How to Migrate OpenClaw to a New Server (2026) — Step-by-Step Guide
Complete guide to migrate OpenClaw to a new server or platform. Transfer memory, cron jobs, secrets, and skills to IronClaw, Nanobot, Pi, or Goose without losing data.
🔴 Update (Feb 16, 2026): The speculation is now confirmed. Peter Steinberger has joined OpenAI and OpenClaw will move to a foundation with OpenAI’s continued support. Both Meta and OpenAI had submitted billion-dollar bids. The good news: OpenClaw stays open-source. The foundation model means forks remain viable and self-hosted instances keep working. But this guide is now more relevant than ever — knowing your exit options before you need them is the whole point.
With the OpenClaw acquisition now confirmed, the question I raised here has gone from hypothetical to urgent: what happens if I need to migrate my agent setup to a different platform?

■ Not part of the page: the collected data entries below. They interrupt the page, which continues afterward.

(* Let $S$ be a random walk on $\mathbb{Z}^2$ with symmetric, sub-Gaussian increments and $\mathsf c$ as in the context. For any $h\ge3$, $t\ge0$, $s\in(0,1]$, $L\in\mathbb{N}$, $f:\mathbb{Z}^2\to\mathbb{R}$ and $p\in(1,\infty)$, with $\mathscr C:=\mathsf c\,e^{2\mathsf ct^2L}$, $$\max_{\substack{J\text{ pair}\\ I\ne*,\ I\not\supseteq J}}\Big\|\widehat{\mathsf q}^{|f|,I}_L\tfrac{\mathcal V^J_s}{\mathcal W_t}\Big\|_{\ell^p}\le36^{1/p}\,\mathscr C^h\,\frac L{s^{2/p}}\Big\|\frac f{w_t}\Big\|_{\ell^\infty}^2\Big\|\frac f{w_t}\Big\|_{\ell^p}^{h-2}.$$
   Context: Walk assumption: $q_1(x)=q_1(-x)$ and $\exists c>0$ with $\sum_xe^{tx^a}q_1(x)\le e^{ct^2/2}$ for all $t\in\mathbb{R}$, $a=1,2$. $q_n(x):=\mathrm{P}(S_n=x\mid S_0=0)$, $q^f_n(x):=\sum_zq_n(x-z)f(z)$. $\mathsf c\in[1,\infty)$ is a constant such that for all $t\ge0$, $n\in\mathbb{N}$, $a=1,2$: $\sum_xe^{tx^a}q_n(x)\le e^{\mathsf ct^2n/2}$, $\sum_xe^{tx^a}q_n(x)^2/q_{2n}(0)\le e^{\mathsf ct^2n/2}$, $\sum_xe^{t|x|}q_n(x)\le\mathsf ce^{2\mathsf ct^2n}$, $\sup_xe^{t|x|}q_n(x)\le\mathsf ce^{2\mathsf ct^2n}/n$. Weights: $w_t(x):=e^{-t|x|}$, $\mathcal W_t(\mathbf x):=\prod_iw_t(x^i)$; for a pair $J=\{\{a,b\}\}\cup\{\{c\}:c\ne a,b\}$, $\mathcal V^J_s(\mathbf x):=e^{-s|x^a-x^b|}$. Partitions $I\vdash\{1,..,h\}$, $*$ = all singletons; $\mathbf x\sim I$: $x^a=x^b$ for $a,b$ in a common block, $x^a\ne x^b$ for $a,b$ in distinct blocks of size $\ge2$. $I\not\supseteq J$ (for $J$ the pair with doubleton $\{a,b\}$) means no block of $I$ contains $\{a,b\}$. $\mathsf q^{f,I}_n(\mathbf x):=\mathbf 1_{\{\mathbf x\sim I\}}\prod_iq^f_n(x^i)$, $\widehat{\mathsf q}^{f,I}_L:=\sum_{n=1}^L\mathsf q^{f,I}_n$; products with weights are pointwise. *)

theory Defs
  imports "HOL-Analysis.Analysis" "HOL-Library.Disjoint_Sets"
begin

type_synonym pt = "int \<times> int"

definition enorm :: "pt \<Rightarrow> real" where
  "enorm z = sqrt ((real_of_int (fst z))\<^sup>2 + (real_of_int (snd z))\<^sup>2)"

definition coord :: "nat \<Rightarrow> pt \<Rightarrow> real" where
  "coord a z = (if a = 1 then real_of_int (fst z) else real_of_int (snd z))"

text \<open>n-step transition kernel q_n(x) = P(S_n = x | S_0 = 0) of the random walk
  with step distribution q1 (n-fold convolution power).\<close>
fun qn :: "(pt \<Rightarrow> real) \<Rightarrow> nat \<Rightarrow> pt \<Rightarrow> real" where
  "qn q1 0 x = (if x = (0, 0) then 1 else 0)"
| "qn q1 (Suc n) x = (\<Sum>\<^sub>\<infinity>z. qn q1 n (x - z) * q1 z)"

definition qf :: "(pt \<Rightarrow> real) \<Rightarrow> nat \<Rightarrow> (pt \<Rightarrow> real) \<Rightarrow> pt \<Rightarrow> real" where
  "qf q1 n f x = (\<Sum>\<^sub>\<infinity>z. qn q1 n (x - z) * f z)"

definition w :: "real \<Rightarrow> pt \<Rightarrow> real" where
  "w t z = exp (- t * enorm z)"

text \<open>Points x = (x^1,...,x^h) are functions on {1..h} (extensional).\<close>
definition WW :: "nat \<Rightarrow> real \<Rightarrow> (nat \<Rightarrow> pt) \<Rightarrow> real" where
  "WW h t x = (\<Prod>i\<in>{1..h}. w t (x i))"

text \<open>V^J_s for the pair J with doubleton {a,b}.\<close>
definition VV :: "nat \<Rightarrow> nat \<Rightarrow> real \<Rightarrow> (nat \<Rightarrow> pt) \<Rightarrow> real" where
  "VV a b s x = exp (- s * enorm (x a - x b))"

definition singletons :: "nat \<Rightarrow> nat set set" where
  "singletons h = {{i} | i. i \<in> {1..h}}"

definition sim :: "nat set set \<Rightarrow> (nat \<Rightarrow> pt) \<Rightarrow> bool" where
  "sim I x \<longleftrightarrow>
     (\<forall>B\<in>I. \<forall>a\<in>B. \<forall>b\<in>B. x a = x b) \<and>
     (\<forall>B1\<in>I. \<forall>B2\<in>I. B1 \<noteq> B2 \<longrightarrow> card B1 \<ge> 2 \<longrightarrow> card B2 \<ge> 2 \<longrightarrow>
        (\<forall>a\<in>B1. \<forall>b\<in>B2. x a \<noteq> x b))"

definition qI :: "(pt \<Rightarrow> real) \<Rightarrow> nat \<Rightarrow> (pt \<Rightarrow> real) \<Rightarrow> nat set set \<Rightarrow> nat \<Rightarrow> (nat \<Rightarrow> pt) \<Rightarrow> real" where
  "qI q1 h f I n x = (if sim I x then (\<Prod>i\<in>{1..h}. qf q1 n f (x i)) else 0)"

definition qhat :: "(pt \<Rightarrow> real) \<Rightarrow> nat \<Rightarrow> (pt \<Rightarrow> real) \<Rightarrow> nat set set \<Rightarrow> nat \<Rightarrow> (nat \<Rightarrow> pt) \<Rightarrow> real" where
  "qhat q1 h f I L x = (\<Sum>n = 1..L. qI q1 h f I n x)"

definition lpnorm :: "real \<Rightarrow> 'a set \<Rightarrow> ('a \<Rightarrow> real) \<Rightarrow> ennreal" where
  "lpnorm p A g = (let S = (\<integral>\<^sup>+ x. ennreal (\<bar>g x\<bar> powr p) \<partial>count_space A)
                   in if S = top then top else ennreal (enn2real S powr (1 / p)))"

definition linfnorm :: "'a set \<Rightarrow> ('a \<Rightarrow> real) \<Rightarrow> ennreal" where
  "linfnorm A g = (SUP x\<in>A. ennreal \<bar>g x\<bar>)"

end

theory Submission
  imports Defs
begin

(* Write g_n = q_n^{|f|} / w_t. Since w_t(y) >= w_t(y - z) w_t(z), g_n is dominated by the
   convolution of |f| / w_t with the tilted kernel e^{t|u|} q_n(u), whose mass is at most
   C = cc e^{2 cc t^2 L}; Young's inequality then gives sup g_n <= C ||f/w_t||_inf and
   ||g_n||_p <= C ||f/w_t||_p. On {x ~ I} with I not all singletons, some coordinate x^j with
   j not in {a, b} equals another coordinate x^k. Summing the p-th power of the n-th summand
   over x^j therefore costs only (sup g_n)^p, summing over x^a against e^{-sp|x^a - x^b|} costs
   (sup g_n)^p sum_u e^{-sp|u|} <= (sup g_n)^p 36/s^2, and each of the other h - 2 coordinates
   costs ||g_n||_p^p. Finally (a_1 + ... + a_L)^p <= L^(p-1) (a_1^p + ... + a_L^p). *)

lemma nn_integral_count_space_eq_infsum:
  fixes f :: "'a \<Rightarrow> real"
  assumes "f summable_on A" "\<And>x. x \<in> A \<Longrightarrow> f x \<ge> 0"
  shows "(\<integral>\<^sup>+x. f x \<partial>count_space A) = ennreal (infsum f A)"
proof -
  have "(\<lambda>x. norm (f x)) summable_on A"
    using assms summable_on_cong[of A "\<lambda>x. norm (f x)" f] by simp
  then have "Infinite_Set_Sum.abs_summable_on f A"
    using abs_summable_equivalent by blast
  then show ?thesis
    using assms(2) by (simp add: nn_integral_conv_infsetsum infsetsum_infsum)
qed

lemma infsum_le_nn_integral_count_space:
  fixes f :: "'a \<Rightarrow> real"
  assumes "\<And>x. x \<in> A \<Longrightarrow> f x \<ge> 0"
  shows "ennreal (infsum f A) \<le> (\<integral>\<^sup>+x. f x \<partial>count_space A)"
proof (cases "f summable_on A")
  case True
  then show ?thesis by (simp add: nn_integral_count_space_eq_infsum assms)
qed (simp add: infsum_not_exists)

lemma nn_integral_count_space_reflect:
  fixes g :: "'a::group_add \<Rightarrow> ennreal"
  shows "(\<integral>\<^sup>+u. g (v - u) \<partial>count_space UNIV) = (\<integral>\<^sup>+u. g u \<partial>count_space UNIV)"
  by (rule nn_integral_bij_count_space, rule bij_betwI[where g = "\<lambda>u. - u + v"])
    (auto simp: algebra_simps)

lemma nn_integral_count_space_translate:
  fixes g :: "'a::group_add \<Rightarrow> ennreal"
  shows "(\<integral>\<^sup>+u. g (u - v) \<partial>count_space UNIV) = (\<integral>\<^sup>+u. g u \<partial>count_space UNIV)"
  by (rule nn_integral_bij_count_space, rule bij_betwI[where g = "\<lambda>u. u + v"]) auto

lemma nn_integral_count_space_Times:
  assumes "countable A" "countable B"
  shows "(\<integral>\<^sup>+z. G z \<partial>count_space (A \<times> B))
       = (\<integral>\<^sup>+a. \<integral>\<^sup>+b. G (a, b) \<partial>count_space B \<partial>count_space A)"
proof -
  have "(\<integral>\<^sup>+a. \<integral>\<^sup>+b. G (a, b) \<partial>count_space B \<partial>count_space A)
      = (\<integral>\<^sup>+z. G z \<partial>(count_space A \<Otimes>\<^sub>M count_space B))"
    by (rule sigma_finite_measure.nn_integral_fst[OF sigma_finite_measure_count_space_countable])
      (simp_all add: pair_measure_countable assms)
  then show ?thesis
    by (simp add: pair_measure_countable assms)
qed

I run a multi-agent OpenClaw instance on a DigitalOcean droplet. It handles everything from scheduled trading automation to security monitoring to daily research tasks. It’s deeply integrated into my workflow — Telegram notifications, email processing, cron-scheduled jobs, GPG-encrypted secrets. The thought of rebuilding all of this from scratch on a different platform is… not appealing.
But here’s the thing: the ecosystem is fragmenting fast. IronClaw (NEAR AI’s Rust rewrite), Nanobot (HKU’s research framework), Goose (Block’s developer agent), and even lightweight alternatives like Pi (the minimal engine inside OpenClaw itself) are all viable options now.
So I did the responsible thing: I spent a weekend figuring out what’s actually portable and what breaks when you migrate. This post is the field guide I wish I’d had.
OpenClaw Architecture: What Are We Actually Moving?
Before we talk migration, let’s map what a typical OpenClaw setup looks like. Here’s mine:
The key components:
- Gateway — the orchestration layer (not portable)
- Agents — main + specialized sub-agents (architecture not portable)
- Memory — Markdown files (highly portable ✅)
- Tools — Bash/Python scripts (portable ✅)
- Channels — platform-specific integrations (not portable)
- Cron — scheduled task definitions (partially portable)
- Secrets — GPG-encrypted password store (portable ✅)
When you migrate, memory and tools are your lifeline. Everything else needs to be rebuilt.
Memory Architecture: The Portable Core
This is the most important insight I learned: Markdown-first memory beats vector databases for portability.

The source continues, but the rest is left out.